Start of ENTRIES SHOWN

(* Let $n\ge 1$ be an integer, $N=2^n$, and let $t\in[0,N)$ be a non-integer real number. Then $$\frac{1}{N}\sum_{k=0}^{N-1} p_{N,t}(k)\,\cot\!\Big((t-k)\frac{\pi}{N}\Big)=\cot(t\pi).$$
   Context: For a positive integer $N$, a non-integer real $t$ and an integer $k$, define $c_{N,t}(k)=\dfrac{1}{N}\dfrac{\sin((t-k)\pi)}{\sin\!\big((t-k)\frac{\pi}{N}\big)}$ and $p_{N,t}(k)=c_{N,t}(k)^2=\dfrac{1}{N^2}\dfrac{\sin^2((t-k)\pi)}{\sin^2\!\big((t-k)\frac{\pi}{N}\big)}$. (For $0\le k<N$ and $t\in(0,N)$ non-integer, the denominators are nonzero.) *)

theory Defs
  imports Complex_Main
begin

definition c_coef :: "nat \<Rightarrow> real \<Rightarrow> int \<Rightarrow> real" where
  "c_coef N t k = (1 / real N) * (sin ((t - real_of_int k) * pi) / sin ((t - real_of_int k) * (pi / real N)))"

definition p_coef :: "nat \<Rightarrow> real \<Rightarrow> int \<Rightarrow> real" where
  "p_coef N t k = (c_coef N t k)\<^sup>2"

end

theory Submission
  imports Defs
begin

text \<open>Since \<open>sin\<^sup>2((t - k)\<pi>) = sin\<^sup>2(t\<pi>)\<close>, the \<open>k\<close>-th summand is
  \<open>sin\<^sup>2(t\<pi>)/N\<^sup>2 \<cdot> f((t - k)\<pi>/N)\<close> with \<open>f(a) = cos a / sin\<^sup>3 a\<close>.
  From \<open>cos\<^sup>4 a - sin\<^sup>4 a = cos 2a\<close> one gets the duplication formula
  \<open>f(a) + f(a - \<pi>/2) = 8 f(2a)\<close>; pairing the nodes \<open>k\<close> and \<open>k + N/2\<close> and
  inducting on \<open>n\<close> gives \<open>\<Sum>\<^sub>k f(y - k\<pi>/N) = N\<^sup>3 f(N y)\<close> for \<open>N = 2\<^sup>n\<close>.
  At \<open>y = t\<pi>/N\<close> the factors \<open>N\<^sup>3\<close> and \<open>sin\<^sup>2(t\<pi>)\<close> cancel, leaving \<open>cot(t\<pi>)\<close>.\<close>

definition cot_div_sin_sq :: "real \<Rightarrow> real" where
  "cot_div_sin_sq a = cos a / sin a ^ 3"

lemma cot_div_sin_sq_duplication:
  "cot_div_sin_sq a + cot_div_sin_sq (a - pi/2) = 8 * cot_div_sin_sq (2*a)"
proof -
  have s: "sin (a - pi/2) = - cos a" by (simp add: sin_diff)
  have c: "cos (a - pi/2) = sin a" by (simp add: cos_diff)
  show ?thesis
  proof (cases "sin a = 0 \<or> cos a = 0")
    case True
    then show ?thesis unfolding cot_div_sin_sq_def s c by (auto simp: sin_double)
  next
    case False
    then have "cos a / sin a ^ 3 - sin a / cos a ^ 3
        = (cos a ^ 4 - sin a ^ 4) / (sin a ^ 3 * cos a ^ 3)"
      by (simp add: field_simps eval_nat_numeral)
    also have "cos a ^ 4 - sin a ^ 4 = (cos a ^ 2 - sin a ^ 2) * (sin a ^ 2 + cos a ^ 2)"
      by algebra
    also have "\<dots> = cos (2*a)" by (simp add: cos_double)
    also have "sin a ^ 3 * cos a ^ 3 = sin (2*a) ^ 3 / 8"
      by (simp add: sin_double power_mult_distrib)
    finally show ?thesis unfolding cot_div_sin_sq_def s c by simp
  qed
qed

lemma sum_cot_div_sin_sq_dyadic:
  "(\<Sum>k = 0..<(2::nat)^n. cot_div_sin_sq (y - real k * pi / 2^n))
     = 8^n * cot_div_sin_sq (2^n * y)"
proof (induction n arbitrary: y)
  case 0
  then show ?case by simp
next
  case (Suc n)
  define M :: nat where "M = 2^n"
  let ?f = "\<lambda>k::nat. cot_div_sin_sq (y - real k * pi / 2^Suc n)"
  have "(\<Sum>k = 0..<(2::nat)^Suc n. ?f k) = (\<Sum>k = 0..<M. ?f k) + (\<Sum>k = M..<M+M. ?f k)"
    by (simp add: M_def sum.atLeastLessThan_concat flip: mult_2)
  also have "(\<Sum>k = M..<M+M. ?f k) = (\<Sum>k = 0..<M. ?f (k + M))"
    using sum.shift_bounds_nat_ivl[of ?f 0 M M] by simp
  also have "(\<Sum>k = 0..<M. ?f k) + (\<Sum>k = 0..<M. ?f (k + M))
      = (\<Sum>k = 0..<M. 8 * cot_div_sin_sq (2*y - real k * pi / 2^n))"
    unfolding sum.distrib[symmetric]
  proof (rule sum.cong)
    fix k
    have "y - real (k + M) * pi / 2 ^ Suc n = (y - real k * pi / 2 ^ Suc n) - pi/2"
      by (simp add: M_def field_simps)
    moreover have "2 * (y - real k * pi / 2 ^ Suc n) = 2*y - real k * pi / 2^n"
      by (simp add: field_simps)
    ultimately show "?f k + ?f (k + M) = 8 * cot_div_sin_sq (2*y - real k * pi / 2^n)"
      by (simp only: cot_div_sin_sq_duplication)
  qed simp
  also have "\<dots> = 8^Suc n * cot_div_sin_sq (2^Suc n * y)"
    using Suc.IH[of "2*y"] by (simp add: sum_distrib_left[symmetric] M_def mult.left_commute mult.assoc)
  finally show ?case .
qed

lemma sin_sq_diff_nat_times_pi: "sin ((t - real k) * pi) ^ 2 = sin (t * pi) ^ 2"
proof -
  have "((-1::real) ^ k) ^ 2 = 1" by (simp flip: power_mult)
  then show ?thesis by (simp add: left_diff_distrib sin_diff cos_npi power_mult_distrib)
qed

lemma p_coef_mult_cot:
  "p_coef N t (int k) * cot ((t - real k) * (pi / real N))
    = sin (t * pi) ^ 2 / real N ^ 2 * cot_div_sin_sq (t * pi / N - real k * pi / N)"
proof -
  have "(t - real k) * (pi / real N) = t * pi / N - real k * pi / N"
    by (simp add: diff_divide_distrib left_diff_distrib)
  then show ?thesis
    unfolding p_coef_def c_coef_def cot_def cot_div_sin_sq_def
      sin_sq_diff_nat_times_pi[of t k, symmetric]
    by (simp add: power_divide power2_eq_square power3_eq_cube)
qed

theorem mainTheorem1:
  fixes n :: nat and t :: real
  assumes "n \<ge> 1"
    and "0 \<le> t" and "t < real (2 ^ n)"
    and "t \<notin> \<int>"
  shows "(1 / real (2 ^ n)) * (\<Sum>k = 0..<(2 ^ n :: nat).
            p_coef (2 ^ n) t (int k) * cot ((t - real k) * (pi / real (2 ^ n))))
         = cot (t * pi)"
proof -
  define N :: real where "N = 2^n"
  have "sin (t * pi) \<noteq> 0" using assms(4) sin_times_pi_eq_0 by blast
  moreover have "N > 0" by (simp add: N_def)
  moreover have "(8::real)^n = N^3"
    using power_mult[of "2::real" 3 n] power_mult[of "2::real" n 3] by (simp add: N_def mult.commute)
  moreover have "(\<Sum>k = 0..<(2 ^ n :: nat).
            p_coef (2 ^ n) t (int k) * cot ((t - real k) * (pi / real (2 ^ n))))
      = (\<Sum>k = 0..<(2 ^ n :: nat).
            sin (t * pi) ^ 2 / N^2 * cot_div_sin_sq (t * pi / N - real k * pi / N))"
    by (rule sum.cong[OF refl], subst p_coef_mult_cot) (simp_all add: N_def)
  moreover have "\<dots> = sin (t * pi) ^ 2 / N^2 * (8^n * cot_div_sin_sq (t * pi))"
    using sum_cot_div_sin_sq_dyadic[where n = n and y = "t * pi / N"]
    unfolding sum_distrib_left[symmetric] by (simp add: N_def)
  ultimately show ?thesis
    by (simp add: N_def cot_div_sin_sq_def cot_def field_simps power2_eq_square power3_eq_cube)
qed

end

End of ENTRIES SHOWN

Using the records above, restate word for word the lines from the one with "(simp add: cos_diff)" through the one with "unfolding sum.distrib[symmetric]", both included.

OUTPUT OF THE EXERCISE:
  have c: "cos (a - pi/2) = sin a" by (simp add: cos_diff)
  show ?thesis
  proof (cases "sin a = 0 \<or> cos a = 0")
    case True
    then show ?thesis unfolding cot_div_sin_sq_def s c by (auto simp: sin_double)
  next
    case False
    then have "cos a / sin a ^ 3 - sin a / cos a ^ 3
        = (cos a ^ 4 - sin a ^ 4) / (sin a ^ 3 * cos a ^ 3)"
      by (simp add: field_simps eval_nat_numeral)
    also have "cos a ^ 4 - sin a ^ 4 = (cos a ^ 2 - sin a ^ 2) * (sin a ^ 2 + cos a ^ 2)"
      by algebra
    also have "\<dots> = cos (2*a)" by (simp add: cos_double)
    also have "sin a ^ 3 * cos a ^ 3 = sin (2*a) ^ 3 / 8"
      by (simp add: sin_double power_mult_distrib)
    finally show ?thesis unfolding cot_div_sin_sq_def s c by simp
  qed
qed

lemma sum_cot_div_sin_sq_dyadic:
  "(\<Sum>k = 0..<(2::nat)^n. cot_div_sin_sq (y - real k * pi / 2^n))
     = 8^n * cot_div_sin_sq (2^n * y)"
proof (induction n arbitrary: y)
  case 0
  then show ?case by simp
next
  case (Suc n)
  define M :: nat where "M = 2^n"
  let ?f = "\<lambda>k::nat. cot_div_sin_sq (y - real k * pi / 2^Suc n)"
  have "(\<Sum>k = 0..<(2::nat)^Suc n. ?f k) = (\<Sum>k = 0..<M. ?f k) + (\<Sum>k = M..<M+M. ?f k)"
    by (simp add: M_def sum.atLeastLessThan_concat flip: mult_2)
  also have "(\<Sum>k = M..<M+M. ?f k) = (\<Sum>k = 0..<M. ?f (k + M))"
    using sum.shift_bounds_nat_ivl[of ?f 0 M M] by simp
  also have "(\<Sum>k = 0..<M. ?f k) + (\<Sum>k = 0..<M. ?f (k + M))
      = (\<Sum>k = 0..<M. 8 * cot_div_sin_sq (2*y - real k * pi / 2^n))"
    unfolding sum.distrib[symmetric]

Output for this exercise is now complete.